Date: Tue, 19 Sep 2017 16:18:40 -0400
From: Johannes Weiner <hannes@cmpxchg.org>
To: Jens Axboe <axboe@kernel.dk>
Cc: linux-kernel@vger.kernel.org, linux-fsdevel@vger.kernel.org,
        linux-mm@kvack.org, clm@fb.com, jack@suse.cz
Subject: Re: [PATCH 6/6] fs-writeback: only allow one inflight and pending
 !nr_pages flush
Message-ID: <20170919201840.GF11873@cmpxchg.org>
References: <1505850787-18311-1-git-send-email-axboe@kernel.dk>
 <1505850787-18311-7-git-send-email-axboe@kernel.dk>
MIME-Version: 1.0
Content-Type: text/plain; charset=us-ascii
Content-Disposition: inline
In-Reply-To: <1505850787-18311-7-git-send-email-axboe@kernel.dk>
User-Agent: Mutt/1.8.3 (2017-05-23)
Sender: linux-kernel-owner@vger.kernel.org
Content-Length: 2421
Lines: 59

On Tue, Sep 19, 2017 at 01:53:07PM -0600, Jens Axboe wrote:
> A few callers pass in nr_pages == 0 when they wakeup the flusher
> threads, which means that the flusher should just flush everything
> that was currently dirty. If we are tight on memory, we can get
> tons of these queued from kswapd/vmscan. This causes (at least)
> two problems:
> 
> 1) We consume a ton of memory just allocating writeback work items.
> 2) We spend so much time processing these work items, that we
>    introduce a softlockup in writeback processing.
> 
> Fix this by adding a 'zero_pages' bit to the writeback structure,
> and set that when someone queues a nr_pages==0 flusher thread
> wakeup. The bit is cleared when we start writeback on that work
> item. If the bit is already set when we attempt to queue !nr_pages
> writeback, then we simply ignore it.
> 
> This provides us one of full flush in flight, with one pending as
> well, and makes for more efficient handling of this type of
> writeback.
> 
> Signed-off-by: Jens Axboe <axboe@kernel.dk>

Acked-by: Johannes Weiner <hannes@cmpxchg.org>

Just a nitpick:

> @@ -948,15 +949,25 @@ static void wb_start_writeback(struct bdi_writeback *wb, long nr_pages,
>  			       bool range_cyclic, enum wb_reason reason)
>  {
>  	struct wb_writeback_work *work;
> +	bool zero_pages = false;
>  
>  	if (!wb_has_dirty_io(wb))
>  		return;
>  
>  	/*
> -	 * If someone asked for zero pages, we write out the WORLD
> +	 * If someone asked for zero pages, we write out the WORLD.
> +	 * Places like vmscan and laptop mode want to queue a wakeup to
> +	 * the flusher threads to clean out everything. To avoid potentially
> +	 * having tons of these pending, ensure that we only allow one of
> +	 * them pending and inflight at the time
>  	 */
> -	if (!nr_pages)
> +	if (!nr_pages) {
> +		if (test_bit(WB_zero_pages, &wb->state))
> +			return;
> +		set_bit(WB_zero_pages, &wb->state);
>  		nr_pages = get_nr_dirty_pages();

We could rely on the work->older_than_this and pass LONG_MAX here
instead to write out the world as it was at the time wb commences.

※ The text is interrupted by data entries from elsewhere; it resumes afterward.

lemma exists_conj_upper_triangular_cyclic:
  fixes G :: "('a::alg_closed_field^2^2) set"
  assumes x: "x \<in> carrier SL2" and G: "\<forall>h\<in>G. \<exists>k::int. h = x [^]\<^bsub>SL2\<^esub> k"
  shows "\<exists>g\<in>carrier SL2. \<forall>h\<in>G. (g \<otimes>\<^bsub>SL2\<^esub> h \<otimes>\<^bsub>SL2\<^esub> inv\<^bsub>SL2\<^esub> g)$2$1 = 0"
proof -
  interpret SL2: group "SL2 :: ('a^2^2) monoid" by (rule group_SL2)
  obtain g where g: "g \<in> carrier SL2" and gx: "(g \<otimes>\<^bsub>SL2\<^esub> x \<otimes>\<^bsub>SL2\<^esub> inv\<^bsub>SL2\<^esub> g)$2$1 = 0"
    using exists_conj_upper_triangular x by (auto simp: SL2_simps)
  interpret C: group_hom SL2 SL2 "\<lambda>h. g \<otimes>\<^bsub>SL2\<^esub> h \<otimes>\<^bsub>SL2\<^esub> inv\<^bsub>SL2\<^esub> g"
    by (rule SL2.group_hom_conj[OF g])
  have "g \<otimes>\<^bsub>SL2\<^esub> x \<otimes>\<^bsub>SL2\<^esub> inv\<^bsub>SL2\<^esub> g \<in> upper_triangular_SL2"
    using gx C.hom_closed[OF x] by (simp add: upper_triangular_SL2_def SL2_simps)
  then have upper: "(g \<otimes>\<^bsub>SL2\<^esub> x \<otimes>\<^bsub>SL2\<^esub> inv\<^bsub>SL2\<^esub> g) [^]\<^bsub>SL2\<^esub> k \<in> upper_triangular_SL2"
    for k :: int
    by (rule SL2.subgroup_int_pow_closed[OF subgroup_upper_triangular_SL2])
  show ?thesis
  proof (intro bexI[OF _ g] ballI)
    fix h assume "h \<in> G"
    then obtain k :: int where "h = x [^]\<^bsub>SL2\<^esub> k" using G by blast
    then show "(g \<otimes>\<^bsub>SL2\<^esub> h \<otimes>\<^bsub>SL2\<^esub> inv\<^bsub>SL2\<^esub> g)$2$1 = 0"
      using upper[of k] C.hom_int_pow[OF x] by (simp add: upper_triangular_SL2_def)
  qed
qed

lemma exists_conj_upper_triangular_normalizer:
  fixes G Q :: "('a::alg_closed_field^2^2) set"
  assumes prime: "Factorial_Ring.prime CHAR('a)" and G: "G \<subseteq> carrier SL2" and Q: "Q \<subseteq> carrier SL2"
    and q0: "q0 \<in> Q" "q0 \<noteq> \<one>\<^bsub>SL2\<^esub>"
    and normal: "\<forall>h\<in>G. \<forall>q\<in>Q. h \<otimes>\<^bsub>SL2\<^esub> q \<otimes>\<^bsub>SL2\<^esub> inv\<^bsub>SL2\<^esub> h \<in> Q"
    and comm: "\<forall>q\<in>Q. \<forall>r\<in>Q. q \<otimes>\<^bsub>SL2\<^esub> r = r \<otimes>\<^bsub>SL2\<^esub> q"
    and exp: "\<forall>q\<in>Q. q [^]\<^bsub>SL2\<^esub> CHAR('a) = \<one>\<^bsub>SL2\<^esub>"
  shows "\<exists>g\<in>carrier SL2. \<forall>h\<in>G. (g \<otimes>\<^bsub>SL2\<^esub> h \<otimes>\<^bsub>SL2\<^esub> inv\<^bsub>SL2\<^esub> g)$2$1 = 0"
proof -
  interpret SL2: group "SL2 :: ('a^2^2) monoid" by (rule group_SL2)
  have q0c: "q0 \<in> carrier SL2" using q0 Q by auto
  obtain g where g: "g \<in> carrier SL2" and gq0: "(g \<otimes>\<^bsub>SL2\<^esub> q0 \<otimes>\<^bsub>SL2\<^esub> inv\<^bsub>SL2\<^esub> g)$2$1 = 0"
    using exists_conj_upper_triangular q0c by (auto simp: SL2_simps)
  interpret C: group_hom SL2 SL2 "\<lambda>h. g \<otimes>\<^bsub>SL2\<^esub> h \<otimes>\<^bsub>SL2\<^esub> inv\<^bsub>SL2\<^esub> g"
    by (rule SL2.group_hom_conj[OF g])
  let ?c = "\<lambda>h. g \<otimes>\<^bsub>SL2\<^esub> h \<otimes>\<^bsub>SL2\<^esub> inv\<^bsub>SL2\<^esub> g"
  have det: "det (?c q) = 1" and exp_c: "?c q [^]\<^bsub>SL2\<^esub> CHAR('a) = \<one>\<^bsub>SL2\<^esub>" if "q \<in> Q" for q
    using C.hom_closed C.hom_nat_pow[of q "CHAR('a)", symmetric] SL2.r_inv[OF g] exp that Q
    by (auto simp: SL2_simps)
  define \<beta> where "\<beta> = ?c q0 $1$2"
  have U: "?c q0 = mat2 1 \<beta> 0 1"
    unfolding \<beta>_def using upper_triangular_exponent_CHAR_unipotent[OF prime det[OF q0(1)] gq0 exp_c[OF q0(1)]] .
  have "\<beta> \<noteq> 0"
  proof
    assume "\<beta> = 0"
    then have "?c q0 = \<one>\<^bsub>SL2\<^esub>" using U by (simp add: SL2_simps mat_1_eq_mat2)
    then show False using q0(2) g q0c by (simp add: SL2.inv_solve_right')
  qed
  show ?thesis
  proof (intro bexI[OF _ g] ballI)
    fix h assume "h \<in> G"
    then have h: "h \<in> carrier SL2" using G by auto
    define r where "r = h \<otimes>\<^bsub>SL2\<^esub> q0 \<otimes>\<^bsub>SL2\<^esub> inv\<^bsub>SL2\<^esub> h"
    have r: "r \<in> Q" "r \<in> carrier SL2" unfolding r_def using normal \<open>h \<in> G\<close> q0(1) Q by auto
    have "r \<otimes>\<^bsub>SL2\<^esub> q0 = q0 \<otimes>\<^bsub>SL2\<^esub> r" using comm r(1) q0(1) by blast
    then have commutes: "?c r ** mat2 1 \<beta> 0 1 = mat2 1 \<beta> 0 1 ** ?c r"
      using C.hom_mult[OF r(2) q0c] C.hom_mult[OF q0c r(2)] U by (simp add: SL2_simps)
    have "r \<otimes>\<^bsub>SL2\<^esub> h = h \<otimes>\<^bsub>SL2\<^esub> q0"
      unfolding r_def using h q0c by (simp add: SL2.m_assoc)
    then have "?c r ** ?c h = ?c h ** mat2 1 \<beta> 0 1"
      using C.hom_mult[OF r(2) h] C.hom_mult[OF h q0c] U by (simp add: SL2_simps)
    then show "?c h $2$1 = 0"
      by (rule intertwined_by_centralizer_imp_upper[OF prime \<open>\<beta> \<noteq> 0\<close> det[OF r(1)] commutes exp_c[OF r(1)]])
  qed
qed

lemma exists_conj_upper_triangular_cyclic_extension:
  fixes G Q :: "('a::alg_closed_field^2^2) set"
  assumes "Factorial_Ring.prime CHAR('a)" and "G \<subseteq> carrier SL2" and "Q \<subseteq> carrier SL2"
    and x: "x \<in> carrier SL2"
    and "\<forall>h\<in>G. \<forall>q\<in>Q. h \<otimes>\<^bsub>SL2\<^esub> q \<otimes>\<^bsub>SL2\<^esub> inv\<^bsub>SL2\<^esub> h \<in> Q"
    and "\<forall>q\<in>Q. \<forall>r\<in>Q. q \<otimes>\<^bsub>SL2\<^esub> r = r \<otimes>\<^bsub>SL2\<^esub> q"
    and "\<forall>q\<in>Q. q [^]\<^bsub>SL2\<^esub> CHAR('a) = \<one>\<^bsub>SL2\<^esub>"
    and dec: "\<forall>h\<in>G. \<exists>q\<in>Q. \<exists>k::int. h = q \<otimes>\<^bsub>SL2\<^esub> x [^]\<^bsub>SL2\<^esub> k"
  shows "\<exists>g\<in>carrier SL2. \<forall>h\<in>G. (g \<otimes>\<^bsub>SL2\<^esub> h \<otimes>\<^bsub>SL2\<^esub> inv\<^bsub>SL2\<^esub> g)$2$1 = 0"
proof (cases "Q \<subseteq> {\<one>\<^bsub>SL2\<^esub>}")
  case True
  interpret SL2: group "SL2 :: ('a^2^2) monoid" by (rule group_SL2)
  have "\<forall>h\<in>G. \<exists>k::int. h = x [^]\<^bsub>SL2\<^esub> k"
    using dec True SL2.l_one[OF SL2.int_pow_closed[OF x]] by fastforce
  then show ?thesis by (rule exists_conj_upper_triangular_cyclic[OF x])
next
  case False
  then obtain q0 where "q0 \<in> Q" "q0 \<noteq> \<one>\<^bsub>SL2\<^esub>" by blast
  then show ?thesis using exists_conj_upper_triangular_normalizer assms(1-3,5-7) by blast
qed

theorem lemma3p5:
  fixes G Q :: "('a::alg_closed_field ^ 2 ^ 2) set" and p :: nat
  assumes "Factorial_Ring.prime p" and "CHAR('a) = p"
    and "finite G" and "subgroup G SL2"
    and "sylow_subgroup p Q G"
    and "Q \<lhd> (SL2\<lparr>carrier := G\<rparr>)"
    and "\<forall>x\<in>Q. \<forall>y\<in>Q. x \<otimes>\<^bsub>SL2\<^esub> y = y \<otimes>\<^bsub>SL2\<^esub> x"
    and "\<forall>x\<in>Q. x [^]\<^bsub>SL2\<^esub> p = \<one>\<^bsub>SL2\<^esub>"
    and "cyclic_group ((SL2\<lparr>carrier := G\<rparr>) Mod Q)"
  shows "\<exists>(n::nat) (\<zeta>::'a) V (b::'a) g.
           n > 0 \<and> \<not> p dvd n \<and> \<zeta> ^ n = 1 \<and> (\<forall>k. 0 < k \<and> k < n \<longrightarrow> \<zeta> ^ k \<noteq> 1)
         \<and> is_subspace_over (gen_subfield {\<zeta>\<^sup>2}) V \<and> finite V
         \<and> g \<in> carrier SL2
         \<and> (\<lambda>h. g \<otimes>\<^bsub>SL2\<^esub> h \<otimes>\<^bsub>SL2\<^esub> inv\<^bsub>SL2\<^esub> g) ` G
             = generate SL2 ((\<lambda>v. mat2 1 v 0 1) ` V \<union> {mat2 \<zeta> b 0 (inverse \<zeta>)})"
proof -
  interpret SL2: group "SL2 :: ('a^2^2) monoid" by (rule group_SL2)
  interpret N: normal Q "SL2\<lparr>carrier := G\<rparr>" by (rule assms(6))
  note p = assms(2)[symmetric] and sub = assms(4)
  have prime: "Factorial_Ring.prime CHAR('a)" using assms(1) unfolding p .
  have exp: "\<forall>q\<in>Q. q [^]\<^bsub>SL2\<^esub> CHAR('a) = \<one>\<^bsub>SL2\<^esub>" using assms(8) unfolding p .
  have QG: "Q \<subseteq> G" using assms(5) by (simp add: sylow_subgroup_def)
  have G: "G \<subseteq> carrier SL2" and Q: "Q \<subseteq> carrier SL2" using subgroup.subset[OF sub] QG by auto
  obtain x where x: "x \<in> G" and "\<forall>h\<in>G. \<exists>q\<in>Q. \<exists>k::int.
      h = q \<otimes>\<^bsub>SL2\<lparr>carrier := G\<rparr>\<^esub> x [^]\<^bsub>SL2\<lparr>carrier := G\<rparr>\<^esub> k"
    using N.cyclic_quotient_decomposition[OF assms(9)] by auto
  then have dec: "\<forall>h\<in>G. \<exists>q\<in>Q. \<exists>k::int. h = q \<otimes>\<^bsub>SL2\<^esub> x [^]\<^bsub>SL2\<^esub> k"
    by (simp add: SL2.int_pow_consistent[OF sub x])
  have xc: "x \<in> carrier SL2" using x G by auto
  obtain g where g: "g \<in> carrier SL2" and up: "\<forall>h\<in>G. (g \<otimes>\<^bsub>SL2\<^esub> h \<otimes>\<^bsub>SL2\<^esub> inv\<^bsub>SL2\<^esub> g)$2$1 = 0"
    using exists_conj_upper_triangular_cyclic_extension[OF prime G Q xc _ assms(7) exp dec]
      SL2.conj_closed_if_normal_in_subgroup[OF sub assms(6)] by blast
  interpret C: group_hom SL2 SL2 "\<lambda>h. g \<otimes>\<^bsub>SL2\<^esub> h \<otimes>\<^bsub>SL2\<^esub> inv\<^bsub>SL2\<^esub> g"
    by (rule SL2.group_hom_conj[OF g])
  let ?c = "\<lambda>h. g \<otimes>\<^bsub>SL2\<^esub> h \<otimes>\<^bsub>SL2\<^esub> inv\<^bsub>SL2\<^esub> g"
  have "\<forall>q\<in>?c ` Q. q [^]\<^bsub>SL2\<^esub> CHAR('a) = \<one>\<^bsub>SL2\<^esub>"
    using exp Q C.hom_nat_pow[symmetric] by auto
  moreover have "\<forall>h\<in>?c ` G. h$2$1 = 0" using up by blast
  ultimately show ?thesis
    using upper_triangular_subgroup_standard_form[OF prime finite_imageI[OF assms(3)]
        C.subgroup_img_is_subgroup[OF sub] _ imageI[OF x] image_mono[OF QG] _
        C.image_decomposition[OF xc Q dec]] g
    unfolding p by blast
qed

end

get_nr_dirty_pages() is somewhat clearer on intent, but on the other
hand it returns global state and is used here in a split-bdi context,
and we can end up in sum requesting the system-wide dirty pages
several times over. It'll work fine, relying on work->older_than_this
to contain it also, it just seems a little ugly and subtle.